Earlier this week, the Times of India published a news report, by its legal correspondent Dhananjay Mahapatra regarding an appeal by Reeds Elseiver that was dismissed by the Supreme Court on November 23, 2016. Titled ‘No copyright over our judgments: SC’, the following are the opening paragraphs of Mahapatra’s report:
For long, a couple of firms had a virtual monopoly over printing judgments of the Supreme Court in book format and selling it to advocates, institutions and others. So much so that one of them claimed copyright over the manner in which it edited and published the judgments.
But on Wednesday, a Supreme Court bench of Justices Ranjan Gogoi and N V Ramana ruled that no one could have copyright over judgments delivered by the apex court. It could be reproduced in its raw form by anyone without the risk of being accused of infringing copyright, the bench said, settling a long-standing dispute.
Mahapatra’s report gives the impression that the Supreme Court set new law by reversing its earlier landmark ruling in the case of Eastern Book Company & othrs. v. DB Modak & Anr. However on actually reading the SC’s dismissal order, it becomes quite clear that Mahapatra has gone out of his way to give a spin to this rather routine dismissal by the Supreme Court.
The appeal in question was filed by Reed Elseiver against the dismissal of an appeal by the Allahabad High Court. The origin of these appeals was a lawsuit for copyright infringement that was originally filed before the District Judge of Lucknow by Eastern Book Company (EBC). We had blogged on the earlier appeals over here. The company had argued that it had a copyright in those versions of the Supreme Court that were edited by its editors. Apart from labelling these judgments as ‘concurring’, ‘dissenting’ etc. EBC’s edited versions also cross-referenced to the para numbers and page numbers of earlier judgments cited by the SC in its judgments. The question of whether such edited version could be protected under copyright law was considered by the Supreme Court in an earlier landmark case called Eastern Book Company & othrs. v. DB Modak & Anr. Our former blogger, Yashaswani had written an excellent summary of the judgment over here.
According to the Modak judgment, although mere copyediting failed to qualify for copyright protection, edited versions of a judgment that delineated the ‘concurring, dissenting’ portions and added references to the page, para number of previously cited judgments, could be protected under copyright law because these tasks required skill and judgment on part of the editors. I reproduce the relevant portion of the SC’s judgment below:
However, the inputs put in the original text by the appellants in (i) segregating the existing paragraphs in the original text by breaking them into separate paragraphs; (ii) adding internal paragraph numbering within a judgment after providing uniform paragraph numbering to the multiple judgments; and (iii) indicating in the judgment the Judges who have dissented or concurred by introducing the phrases like ‘concurring’, `partly concurring’, `partly dissenting’, `dissenting’, `supplementing’, `majority expressing no opinion’, etc., have to be viewed in a different light. The task of paragraph numbering and internal referencing requires skill and judgment in great measure….Creation of paragraphs by separating them from the passage would require knowledge, sound judgment and legal skill.

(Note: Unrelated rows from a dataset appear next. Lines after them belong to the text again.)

lemma support_rank_image_le:
  fixes \<Phi> :: "('a \<times> 'b \<times> 'c) set"
    and p :: "'a \<Rightarrow> 'a2" and q :: "'b \<Rightarrow> 'b2" and s :: "'c \<Rightarrow> 'c2"
  assumes "infinite (UNIV :: 'f::field set)" "finite \<Phi>" "inj_on (\<lambda>(x, y, z). (x, y)) \<Phi>"
  shows "support_rank TYPE('f) (map_prod p (map_prod q s) ` \<Phi>) \<le> support_rank TYPE('f) \<Phi>"
proof -
  let ?F = "map_prod p (map_prod q s)"
  obtain T :: "'a \<Rightarrow> 'b \<Rightarrow> 'c \<Rightarrow> 'f"
    where T: "tsupp T = \<Phi>" "tensor_rank T = support_rank TYPE('f) \<Phi>"
    by (rule support_rank_attained)
  obtain a :: "'a \<Rightarrow> nat" and b :: "'b \<Rightarrow> nat"
    where ab: "inj_on (\<lambda>(x, y). a x + b y) ((\<lambda>(x, y, z). (x, y)) ` \<Phi>)"
    using exists_inj_on_additive_encoding[of "(\<lambda>(x, y, z). (x, y)) ` \<Phi>"] assms(2) by blast
  define e :: "'a \<times> 'b \<times> 'c \<Rightarrow> nat" where "e = (\<lambda>(x, y, z). a x + b y)"
  have "inj_on e \<Phi>"
    using comp_inj_on[OF assms(3) ab] by (simp add: e_def comp_def split_def)
  moreover have "\<forall>\<phi>\<in>\<Phi>. (case \<phi> of (x, y, z) \<Rightarrow> T x y z) \<noteq> 0"
    using T(1) by (auto simp: tsupp_def)
  ultimately obtain \<xi> where \<xi>: "\<forall>\<phi>0\<in>\<Phi>.
      (\<Sum>\<phi> \<in> {\<phi> \<in> \<Phi>. ?F \<phi> = ?F \<phi>0}. (case \<phi> of (x, y, z) \<Rightarrow> T x y z) * \<xi> ^ e \<phi>) \<noteq> 0"
    using exists_nonvanishing_fibre_sums[OF assms(1,2)] by blast
  define T' where "T' = (\<lambda>x y z. \<xi> ^ a x * \<xi> ^ b y * T x y z)"
  define X where "X = fst ` \<Phi>"
  define Y where "Y = fst ` snd ` \<Phi>"
  define Z where "Z = snd ` snd ` \<Phi>"
  have XYZ: "finite X" "finite Y" "finite Z" "\<Phi> \<subseteq> X \<times> Y \<times> Z"
    using assms(2) by (force simp: X_def Y_def Z_def)+
  have "tsupp T' \<subseteq> \<Phi>"
    using T(1) by (auto simp: T'_def tsupp_def)
  moreover have "\<forall>\<phi>0\<in>\<Phi>. (\<Sum>(x, y, z) \<in> {\<phi> \<in> \<Phi>. ?F \<phi> = ?F \<phi>0}. T' x y z) \<noteq> 0"
    using \<xi> by (simp add: T'_def e_def case_prod_beta power_add mult_ac)
  ultimately have "tsupp (tensor_pushforward X Y Z p q s T') = ?F ` \<Phi>"
    using XYZ by (intro tsupp_pushforward_eq_image)
  then have "support_rank TYPE('f) (?F ` \<Phi>) \<le> tensor_rank (tensor_pushforward X Y Z p q s T')"
    by (rule support_rank_le_tensor_rank)
  also have "\<dots> \<le> tensor_rank T'"
    using \<open>tsupp T' \<subseteq> \<Phi>\<close> assms(2) by (intro tensor_rank_pushforward_le) (rule finite_subset)
  also have "\<dots> \<le> tensor_rank T"
    using tensor_rank_scale_le[of T "\<lambda>x. \<xi> ^ a x" "\<lambda>y. \<xi> ^ b y" "\<lambda>_. 1"] T(1) assms(2)
    by (simp add: T'_def)
  finally show ?thesis
    using T(2) by simp
qed

lemma finite_bracket:
  assumes "finite \<Lambda>"
  shows "finite (bracket \<Lambda>)"
proof -
  have "bracket \<Lambda> = (\<lambda>(i, j, k). ((i, j), (j, k), (k, i))) ` \<Lambda>"
    unfolding bracket_def by force
  with assms show ?thesis
    by simp
qed

lemma inj_on_bracket_first_two: "inj_on (\<lambda>(x, y, z). (x, y)) (bracket \<Lambda>)"
  unfolding bracket_def by (auto intro: inj_onI)

lemma bracket_image:
  "bracket ((\<lambda>(i, j, k). (f i, g j, h k)) ` \<Lambda>) =
    map_prod (map_prod f g) (map_prod (map_prod g h) (map_prod h f)) ` bracket \<Lambda>"
  unfolding bracket_def by force

theorem corollary4p3:
  fixes \<Lambda> :: "('i \<times> 'j \<times> 'k) set"
    and I :: "'i set" and J :: "'j set" and K :: "'k set"
    and I' :: "'i2 set" and J' :: "'j2 set" and K' :: "'k2 set"
    and f :: "'i \<Rightarrow> 'i2" and g :: "'j \<Rightarrow> 'j2" and h :: "'k \<Rightarrow> 'k2"
  assumes "infinite (UNIV :: 'f::field set)"
    and "finite I" "finite J" "finite K" "finite I'" "finite J'" "finite K'"
    and "\<Lambda> \<subseteq> I \<times> J \<times> K"
    and "f ` I \<subseteq> I'" "g ` J \<subseteq> J'" "h ` K \<subseteq> K'"
  shows "support_rank TYPE('f) (bracket \<Lambda>)
           \<ge> support_rank TYPE('f) (bracket ((\<lambda>(i, j, k). (f i, g j, h k)) ` \<Lambda>))"
proof -
  have "finite \<Lambda>"
    using assms(2-4,8) by (blast intro: finite_subset)
  then show ?thesis
    unfolding bracket_image
    by (intro support_rank_image_le assms(1) finite_bracket inj_on_bracket_first_two)
qed

end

Returning to the present case, the Allahabad High Court relied on the Supreme Court’s judgment in Modak to confirm an interim injunction restraining Elseiver from reproducing EBC’s edited judgments. Elseiver filed an appeal against this dismissal before the Supreme Court which also dismissed the appeal in an order running into a grand total of 92 words. In fact, I will reproduce the entire order below:
The appellants will be at liberty to publish, sell and distribute the raw judgments of the Supreme Court of India and other Courts obtained from whichever source along with their own head-notes, editorial notes, paraphrasing, explanatory notes, etc. as laid down in Eastern Book Company and others versus D.B. Modak and another [(2008) 1 SCC 1]. We further direct the learned trial Court to expedite the trial and conclude the same as expeditiously as possible. 2. The appeal is disposed of in the above terms. Interim order, if any, shall stand vacated.
In other words, the injunction granted by the lower courts was upheld and the position of the law remains absolutely the same as before. Yet Mahapatra claims that this particular order will “permit new players in the legal publishing field to print SC judgments in book format and challenge the monopoly of a few firms”. How is this possible when nothing has changed?

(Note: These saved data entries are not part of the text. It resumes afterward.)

(* For every $p\ge3$, $\check\beta_p<\tilde\beta_p$, and the set $\mathscr C_p^+$ of points $(\beta,h)\in[0,\infty)\times\mathbb R$ for which $H_{\beta,h,p}$ has exactly two global maximizers is described as follows. (1) If $p\ge4$ is even, there is a continuous function $\varphi_p:(\check\beta_p,\infty)\to[0,\infty)$, strictly decreasing on $(\check\beta_p,\tilde\beta_p)$ and vanishing on $[\tilde\beta_p,\infty)$, such that $\mathscr C_p^+=\{(\beta,\pm\varphi_p(\beta)):\beta\in(\check\beta_p,\infty)\setminus\{\tilde\beta_p\}\}$. (2) If $p\ge3$ is odd, there is a strictly decreasing continuous function $\varphi_p:(\check\beta_p,\infty)\to\mathbb R$ with $\varphi_p(\tilde\beta_p)=0$ and $\lim_{\beta\to\infty}\varphi_p(\beta)=-\infty$ such that $\mathscr C_p^+=\{(\beta,\varphi_p(\beta)):\beta\in(\check\beta_p,\infty)\}$. In both cases $\lim_{\beta\to\check\beta_p^+}\varphi_p(\beta)=\tanh^{-1}(m_* )-p\check\beta_pm_*^{p-1}$ with $m_*=\sqrt{(p-2)/p}$.
   Context: $I(x)=\frac12[(1+x)\log(1+x)+(1-x)\log(1-x)]$, $H_{\beta,h,p}(x)=\beta x^p+hx-I(x)$ on $[-1,1]$; global maximizers are points attaining $\sup_{[-1,1]}H_{\beta,h,p}$. $\tilde\beta_p=\sup\{\beta\ge0:\sup_{x\in[-1,1]}H_{\beta,0,p}(x)=0\}$ and $\check\beta_p=\frac{1}{2(p-1)}\big(\frac{p}{p-2}\big)^{(p-2)/2}$. *)

theory Defs
  imports "HOL-Analysis.Analysis"
begin

text \<open>Entropy function; at x = 1 or x = -1 the term 0 * ln 0 is 0 (convention 0 log 0 = 0).\<close>
definition Ient :: "real \<Rightarrow> real" where
  "Ient x = (1/2) * ((1 + x) * ln (1 + x) + (1 - x) * ln (1 - x))"

definition Hfun :: "real \<Rightarrow> real \<Rightarrow> nat \<Rightarrow> real \<Rightarrow> real" where
  "Hfun \<beta> h p x = \<beta> * x ^ p + h * x - Ient x"

definition global_maximizers :: "real \<Rightarrow> real \<Rightarrow> nat \<Rightarrow> real set" where
  "global_maximizers \<beta> h p =
     {x \<in> {-1..1}. \<forall>y \<in> {-1..1}. Hfun \<beta> h p y \<le> Hfun \<beta> h p x}"

definition beta_tilde :: "nat \<Rightarrow> real" where
  "beta_tilde p = Sup {\<beta>. \<beta> \<ge> 0 \<and> Sup (Hfun \<beta> 0 p ` {-1..1}) = 0}"

definition beta_check :: "nat \<Rightarrow> real" where
  "beta_check p = 1 / (2 * (real p - 1)) * (real p / (real p - 2)) powr ((real p - 2) / 2)"

definition Cplus :: "nat \<Rightarrow> (real \<times> real) set" where
  "Cplus p = {(\<beta>, h). \<beta> \<ge> 0 \<and> card (global_maximizers \<beta> h p) = 2}"

end

theory Submission
  imports Defs "HOL-Real_Asymp.Real_Asymp"
begin

text \<open>
  The second derivative of \<open>H = H\<^sub>\<beta>\<^sub>,\<^sub>h\<^sub>,\<^sub>p\<close> has the sign of \<open>p(p-1)\<beta>\<kappa>(x) - 1\<close>, where
  \<open>\<kappa>(x) = x\<^sup>p\<^sup>-\<^sup>2(1 - x\<^sup>2)\<close> increases up to \<open>m\<^sub>* = \<surd>((p-2)/p)\<close> and decreases after it, and
  \<^term>\<open>beta_check p\<close> is the \<open>\<beta>\<close> with \<open>p(p-1)\<beta>\<kappa>(m\<^sub>*) = 1\<close>. Maximizers are critical points, so
  no two of them lie in an interval on which \<open>H'\<close> strictly decreases. Hence up to
  \<^term>\<open>beta_check p\<close> the maximizer is unique, and beyond it each of the wells \<open>[0, m\<^sub>*]\<close> and
  \<open>[m\<^sub>*, 1]\<close> contains at most one maximizer (for odd \<open>p\<close> the left well extends to \<open>-1\<close>; for even
  \<open>p\<close> negative \<open>x\<close> are handled by the symmetry \<open>(x, h) \<mapsto> (-x, -h)\<close>). So there are two
  maximizers exactly when the difference \<open>\<Delta>(\<beta>, h)\<close> of the two well maxima vanishes. \<open>\<Delta>\<close> is
  Lipschitz, nondecreasing in \<open>h\<close> and strictly monotone through its zeros, and increasing \<open>\<beta>\<close>
  favours the right well; so the zero \<open>h = \<phi>\<^sub>p(\<beta>)\<close> is continuous and strictly decreasing. At
  \<^term>\<open>beta_check p\<close> it tends to the field making \<open>m\<^sub>*\<close> a degenerate critical point, and on the
  line \<open>h = 0\<close> it is reached exactly at \<^term>\<open>beta_tilde p\<close>, beyond which \<open>0\<close> is no longer a
  maximizer.
\<close>

section \<open>The entropy function\<close>

lemma continuous_on_xlnx: "continuous_on {0..} (\<lambda>t::real. t * ln t)"
proof (rule continuous_on_eq_continuous_within[THEN iffD2], intro ballI)
  fix x :: real assume x: "x \<in> {0..}"
  show "continuous (at x within {0..}) (\<lambda>t. t * ln t)"
  proof (cases "x = 0")
    case True
    have "((\<lambda>t::real. t * ln t) \<longlongrightarrow> 0) (at_right 0)" by real_asymp
    then show ?thesis using True by (simp add: at_within_Ici_at_right continuous_within)
  next
    case False
    then have "isCont (\<lambda>t. t * ln t) x" using x by (intro continuous_intros) auto
    then show ?thesis by (rule continuous_at_imp_continuous_within)
  qed
qed

lemma continuous_on_Ient: "continuous_on {-1..1} Ient"
proof -
  define f where "f t = t * ln t" for t :: real
  have Ient_eq: "Ient = (\<lambda>x. (1/2) * (f (1 + x) + f (1 - x)))"
    by (simp add: Ient_def f_def fun_eq_iff)
  have "continuous_on {-1..1} (\<lambda>x. f (1 + x))" "continuous_on {-1..1} (\<lambda>x. f (1 - x))"
    unfolding f_def
    by (rule continuous_on_compose2[OF continuous_on_xlnx]; auto intro!: continuous_intros)+
  then show ?thesis unfolding Ient_eq by (intro continuous_intros)
qed

lemma Ient_has_real_derivative:
  assumes "\<bar>x\<bar> < 1"
  shows "(Ient has_real_derivative artanh x) (at x)"
proof -
  have pos: "1 + x > 0" "1 - x > 0" using assms by auto
  have "(Ient has_real_derivative
          (1/2) * ((ln (1 + x) + (1 + x) * (1 / (1 + x))) + (- ln (1 - x) + (1 - x) * (-1 / (1 - x))))) (at x)"
    unfolding Ient_def[abs_def] using pos by (auto intro!: derivative_eq_intros)
  also have "(1/2) * ((ln (1 + x) + (1 + x) * (1 / (1 + x))) + (- ln (1 - x) + (1 - x) * (-1 / (1 - x))))
      = artanh x"
    using pos by (simp add: artanh_def ln_div)
  finally show ?thesis .
qed

lemma Ient_minus: "Ient (-x) = Ient x"
  by (simp add: Ient_def algebra_simps)

lemma Ient_0: "Ient 0 = 0"
  by (simp add: Ient_def)

lemma Ient_1: "Ient 1 = ln 2"
  by (simp add: Ient_def)

lemma xlnx_ge: "0 \<le> t \<Longrightarrow> t - 1 \<le> t * ln (t::real)"
proof (cases "t = 0")
  case False
  assume "0 \<le> t"
  with False have t: "t > 0" by simp
  have "ln (1/t) \<le> 1/t - 1" using t by (intro ln_le_minus_one) auto
  then have "t * (- ln t) \<le> t * (1/t - 1)" using t by (intro mult_left_mono) (auto simp: ln_div)
  then show ?thesis using t by (simp add: algebra_simps)
qed simp

lemma Ient_nonneg: "x \<in> {-1..1} \<Longrightarrow> 0 \<le> Ient x"
  using xlnx_ge[of "1 + x"] xlnx_ge[of "1 - x"] by (auto simp: Ient_def)

lemma artanh_ge_self: "0 \<le> t \<Longrightarrow> t < 1 \<Longrightarrow> t \<le> artanh (t::real)"
proof -
  assume t: "0 \<le> t" "t < 1"
  have "(\<lambda>s. artanh s - s) 0 \<le> (\<lambda>s. artanh s - s) t"
  proof (rule DERIV_nonneg_imp_increasing_open[OF t(1)])
    fix s :: real assume s: "0 < s" "s < t"
    then have "s^2 < 1" using t by (simp add: abs_square_less_1)
    then have "0 \<le> 1 / (1 - s^2) - 1" by (simp add: field_simps)
    moreover have "((\<lambda>s. artanh s - s) has_real_derivative (1 / (1 - s^2) - 1)) (at s)"
      using s t by (auto intro!: derivative_eq_intros)
    ultimately show "\<exists>y. ((\<lambda>s. artanh s - s) has_real_derivative y) (at s) \<and> 0 \<le> y" by blast
  qed (use t in \<open>auto intro!: continuous_intros\<close>)
  then show ?thesis by simp
qed

lemma Ient_ge_half_square:
  assumes "\<bar>x\<bar> < 1"
  shows "x^2 / 2 \<le> Ient x"
proof -
  have "t^2 / 2 \<le> Ient t" if t: "0 \<le> t" "t < 1" for t
  proof -
    have "(\<lambda>s. Ient s - s^2/2) 0 \<le> (\<lambda>s. Ient s - s^2/2) t"
    proof (rule DERIV_nonneg_imp_increasing_open[OF t(1)])
      fix s :: real assume s: "0 < s" "s < t"
      then have "((\<lambda>s. Ient s - s^2/2) has_real_derivative (artanh s - s)) (at s)"
        using t by (auto intro!: derivative_eq_intros Ient_has_real_derivative)
      moreover have "0 \<le> artanh s - s" using artanh_ge_self[of s] s t by auto
      ultimately show "\<exists>y. ((\<lambda>s. Ient s - s^2/2) has_real_derivative y) (at s) \<and> 0 \<le> y" by blast
    next
      show "continuous_on {0..t} (\<lambda>s. Ient s - s^2/2)"
        using continuous_on_subset[OF continuous_on_Ient] t by (auto intro!: continuous_intros)
    qed
    then show ?thesis by (simp add: Ient_0)
  qed
  from this[of x] this[of "-x"] assms show ?thesis by (cases "0 \<le> x") (auto simp: Ient_minus)
qed

section \<open>The free energy functional and its global maximizers\<close>

lemma Hfun_has_real_derivative:
  assumes "\<bar>y\<bar> < 1"
  shows "(Hfun \<beta> h p has_real_derivative (real p * \<beta> * y^(p-1) + h - artanh y)) (at y)"
proof -
  have "((\<lambda>x. \<beta> * x^p + h * x - Ient x) has_real_derivative
          (\<beta> * (of_nat p * y^(p-1)) + h * 1 - artanh y)) (at y)"
    by (auto intro!: derivative_eq_intros Ient_has_real_derivative[OF assms])
  then show ?thesis unfolding Hfun_def[abs_def] by (simp add: algebra_simps)
qed

lemma continuous_on_Hfun: "continuous_on {-1..1} (Hfun \<beta> h p)"
  unfolding Hfun_def[abs_def] by (intro continuous_intros continuous_on_Ient)

lemma Hfun_0: "p \<noteq> 0 \<Longrightarrow> Hfun \<beta> h p 0 = 0"
  by (simp add: Hfun_def Ient_0)

lemma Hfun_minus: "Hfun \<beta> h p (-x) = Hfun ((-1)^p * \<beta>) (-h) p x"
  by (simp add: Hfun_def Ient_minus power_minus[of x p])

lemma Hfun_shift: "Hfun \<beta>' h' p x = Hfun \<beta> h p x + (\<beta>' - \<beta>) * x^p + (h' - h) * x"
  by (simp add: Hfun_def algebra_simps)

lemma Hfun_le_shift:
  assumes "x \<in> {-1..1}"
  shows "Hfun \<beta> h p x \<le> Hfun \<beta>' h' p x + \<bar>\<beta> - \<beta>'\<bar> + \<bar>h - h'\<bar>"
proof -
  have x: "\<bar>x\<bar> \<le> 1" "\<bar>x^p\<bar> \<le> 1" using assms by (auto simp: power_abs power_le_one)
  have "Hfun \<beta> h p x - Hfun \<beta>' h' p x = (\<beta> - \<beta>') * x^p + (h - h') * x"
    by (simp add: Hfun_shift[of \<beta> h p x \<beta>' h'])
  also have "\<dots> \<le> \<bar>\<beta> - \<beta>'\<bar> * \<bar>x^p\<bar> + \<bar>h - h'\<bar> * \<bar>x\<bar>"
    by (intro add_mono) (auto simp: abs_mult[symmetric])
  also have "\<dots> \<le> \<bar>\<beta> - \<beta>'\<bar> + \<bar>h - h'\<bar>"
    using x by (intro add_mono mult_left_le) auto
  finally show ?thesis by simp
qed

[Edited on November 30, 2016: To clarify, the Supreme Court’s judgments as released by the SC Registry have always been available to everybody and these can be reprinted by any publisher. However digitising all these judgments takes significant resources and its easier for them to fall back on EBC which has not only edited these judgments but also invested resources to digitise them. Competitors, rather than investing resources in repeating the digitisation, tend to borrow from existing databases without accounting for the fact that EBC has a copyright in the edited SCC judgments.]
If Mahapatra was confused about copyright law, he should have sought a clarification from Pratibha Singh, the Senior Advocate who argued on behalf Reeds Elseiver because if I’m not mistaken Ms. Singh has represented various companies from the Times Group (of which Times of India is a part) in the past. In fact, Mahapatra should perhaps makes this disclosure in the future while reporting on cases where Ms. Singh has argued on behalf of any of the parties that are part of his reportage.